But thank you, that does give me some hope that as my pup gets older that maybe Sam will feel less protective though because of his resource guarding issues I'm not sure I'll ever feel comfortable taking him anywhere off leash, he has gotten into two squabbles with other dogs over a ball. I'm just worried he's going to pull that with a bigger dog who will fight back and get himself or the other dog hurt.

If Sam just didn't want to share toys I'd be ok with that but the difference here and what some people don't seem to be understanding is that he will get aggressive and bite without much of a warning that I'm able to see... no snarling, growling just bam!

I will continue researching trainers/behaviorists around here and and maybe see if I can get an in home evaluation.


----------



## llombardo (Dec 11, 2011)

Carriesue said:


> If Sam just didn't want to share toys I'd be ok with that but the difference here and what some people don't seem to be understanding is that he will get aggressive and bite without much of a warning that I'm able to see... no snarling, growling just bam!


Watch him more closely because I can bet there is a warning. Watch his eyes, that is how I was able to tell mine wasn't happy. 95% of the time I was able to see the change, say something, and snap him back. The other 5% it went to a full snarl and growl, which was my fault because I didn't "see" it. Mine has never been in a fight(except when he was attacked as a puppy)and I think he would almost be sad if he hurt anything(he's just way to happy of a dog)I'm glad that mine doesn't do it anymore, because it isn't nice to see and who would believe a golden can look like that??? Well they can and you have a VERY short period to catch it.


----------



## Mooch (May 23, 2012)

Totally agree with llombardo usually they have a "tell"
Anything from tensing the whole body, staring, or even just a wrinkling of the brow.
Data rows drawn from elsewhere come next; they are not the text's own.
lemma RegOCT_flat_only_at_ends:
  assumes "f \<in> RegOCT n"
  shows "flat_only_at_ends n f"
  unfolding flat_only_at_ends_def
proof (intro allI impI)
  fix x assume x: "1 \<le> x" "x < n" and flat: "f (Suc x) = f x"
  obtain g where f: "f \<in> OCT n" and g: "g \<in> OCT n" and fgf: "tcomp n (tcomp n f g) f = f"
    using assms by (auto simp: RegOCT_def)
  have f_g: "f (g y) = y" if y: "y \<in> f ` {1..n}" for y
  proof -
    obtain z where z: "z \<in> {1..n}" "y = f z" using y by blast
    then show ?thesis using fun_cong[OF fgf, of z] OCT_into[OF f z(1)] by simp
  qed
  have g_Suc: "g (Suc y) = Suc (g y)" if y: "y \<in> f ` {1..n}" "Suc y \<in> f ` {1..n}" for y
  proof -
    have "1 \<le> y" "y < n" using y OCT_into[OF f] by fastforce+
    then have "g (Suc y) = g y \<or> g (Suc y) = Suc (g y)" by (rule OCT_Suc_cases[OF g])
    moreover have "g (Suc y) \<noteq> g y" using f_g[OF y(1)] f_g[OF y(2)] by (metis n_not_Suc_n)
    ultimately show ?thesis by simp
  qed
  have xs: "x \<in> {1..n}" "Suc x \<in> {1..n}" "1 \<in> {1..n}" "n \<in> {1..n}" using x by auto
  show "f x = f 1 \<or> f x = f n"
  proof (rule ccontr)
    assume "\<not> (f x = f 1 \<or> f x = f n)"
    moreover have "f 1 \<le> f x" "f x \<le> f n" using OCT_mono[OF f] xs x by auto
    ultimately have v: "f 1 < f x" "f x < f n" by auto
    text \<open>The section \<open>g\<close> maps the values \<open>f x - 1, f x, f x + 1\<close> to consecutive points,
      so the fibre of \<open>f x\<close> is the single point \<open>g (f x)\<close>.\<close>
    have img: "f x - 1 \<in> f ` {1..n}" "f x \<in> f ` {1..n}" "Suc (f x) \<in> f ` {1..n}"
      using OCT_attains_between[OF f _ _ xs(4), of "f x - 1"]
        OCT_attains_between[OF f _ _ xs(4), of "Suc (f x)"] v xs(1) by simp_all
    have below: "Suc (g (f x - 1)) = g (f x)"
      using g_Suc[of "f x - 1"] img v by (simp add: Suc_diff_Suc)
    have above: "g (Suc (f x)) = Suc (g (f x))"
      using g_Suc[OF img(2,3)] .
    have "f ` {1..n} \<subseteq> {1..n}" using OCT_into[OF f] by blast
    then have gs: "g (f x - 1) \<in> {1..n}" "g (Suc (f x)) \<in> {1..n}"
      using OCT_into[OF g] img(1,3) by (meson subsetD)+
    have "g (f x - 1) < x"
    proof (rule ccontr)
      assume "\<not> g (f x - 1) < x"
      then have "f x \<le> f (g (f x - 1))" using OCT_mono[OF f xs(1) gs(1)] by simp
      then show False using f_g[OF img(1)] v by simp
    qed
    moreover have "Suc x < g (Suc (f x))"
    proof (rule ccontr)
      assume "\<not> Suc x < g (Suc (f x))"
      then have "f (g (Suc (f x))) \<le> f (Suc x)" using OCT_mono[OF f gs(2) xs(2)] by simp
      then show False using f_g[OF img(3)] flat by simp
    qed
    ultimately show False using below above by simp
  qed
qed

lemma flat_only_at_ends_tcomp:
  assumes a: "a \<in> OCT n" and b: "b \<in> OCT n"
    and fa: "flat_only_at_ends n a" and fb: "flat_only_at_ends n b"
  shows "flat_only_at_ends n (tcomp n a b)"
  unfolding flat_only_at_ends_def
proof (intro allI impI)
  fix x assume x: "1 \<le> x" "x < n" and flat: "tcomp n a b (Suc x) = tcomp n a b x"
  have xs: "x \<in> {1..n}" "Suc x \<in> {1..n}" "1 \<in> {1..n}" "n \<in> {1..n}" using x by auto
  have "b (a x) = b (a 1) \<or> b (a x) = b (a n)"
  proof (cases "a (Suc x) = a x")
    case True
    then show ?thesis using fa x unfolding flat_only_at_ends_def by metis
  next
    case False
    then have step: "a (Suc x) = Suc (a x)" using OCT_Suc_cases[OF a x] by simp
    have ax: "1 \<le> a x" "a x < n" using OCT_into[OF a xs(2)] OCT_into[OF a xs(1)] step by auto
    have "b (Suc (a x)) = b (a x)" using flat step xs by simp
    then have "b (a x) = b 1 \<or> b (a x) = b n" using fb ax unfolding flat_only_at_ends_def by metis
    moreover have "b 1 \<le> b (a 1)" "b (a 1) \<le> b (a x)" "b (a x) \<le> b (a n)" "b (a n) \<le> b n"
      using OCT_mono[OF b] OCT_mono[OF a] OCT_into[OF a] xs x by auto
    ultimately show ?thesis by linarith
  qed
  then show "tcomp n a b x = tcomp n a b 1 \<or> tcomp n a b x = tcomp n a b n" using xs by simp
qed

definition clamp :: "nat \<Rightarrow> int \<Rightarrow> int \<Rightarrow> int \<Rightarrow> nat \<Rightarrow> nat" where
  "clamp n A B d = (\<lambda>x\<in>{1..n}. nat (min B (max A (int x + d))))"

text \<open>Parameters for which \<open>clamp n A B d\<close> maps \<open>[n]\<close> onto \<open>[A, B]\<close>.\<close>
definition clamp_onto :: "nat \<Rightarrow> int \<Rightarrow> int \<Rightarrow> int \<Rightarrow> bool" where
  "clamp_onto n A B d \<longleftrightarrow> 1 \<le> A \<and> A \<le> B \<and> B \<le> int n \<and> 1 + d \<le> A \<and> B \<le> int n + d"

lemma clamp_apply:
  "x \<in> {1..n} \<Longrightarrow> 0 \<le> A \<Longrightarrow> A \<le> B \<Longrightarrow> int (clamp n A B d x) = min B (max A (int x + d))"
  by (simp add: clamp_def max_def)

lemma clamp_in_OCT: "1 \<le> A \<Longrightarrow> A \<le> B \<Longrightarrow> B \<le> int n \<Longrightarrow> clamp n A B d \<in> OCT n"
  unfolding OCT_def Tn_def clamp_def order_preserving_def contraction_def
  by (auto simp: PiE_def extensional_def)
My first dog was very dog aggressive, we did a lot of work with her and yeah finding her "warning" was so important - once I had it I could mostly divert her before anything bad could happen. (with her it was 2 wrinkles would appear between her ears as she got attentive) toward another dog. 

With your golden "guarding" his puppy - he's not allowed to do that, while you are there it's YOUR responsibility not Sams to keep puppy safe. ATM Sam is taking leadership over both of you and in my book that's not acceptable. 
The fact that the snapped at the other puppy is bad but also - he snapped AT it - if he had have wanted to he could have grabbed it and shaken it in a split second. 
The puppy yelping and screaming and running away is also normal - it's how they defend themselves. It's letting the other dog know "I'm only a baby don't hurt me" - it sounds awful lol you'd think someone just cut their throat.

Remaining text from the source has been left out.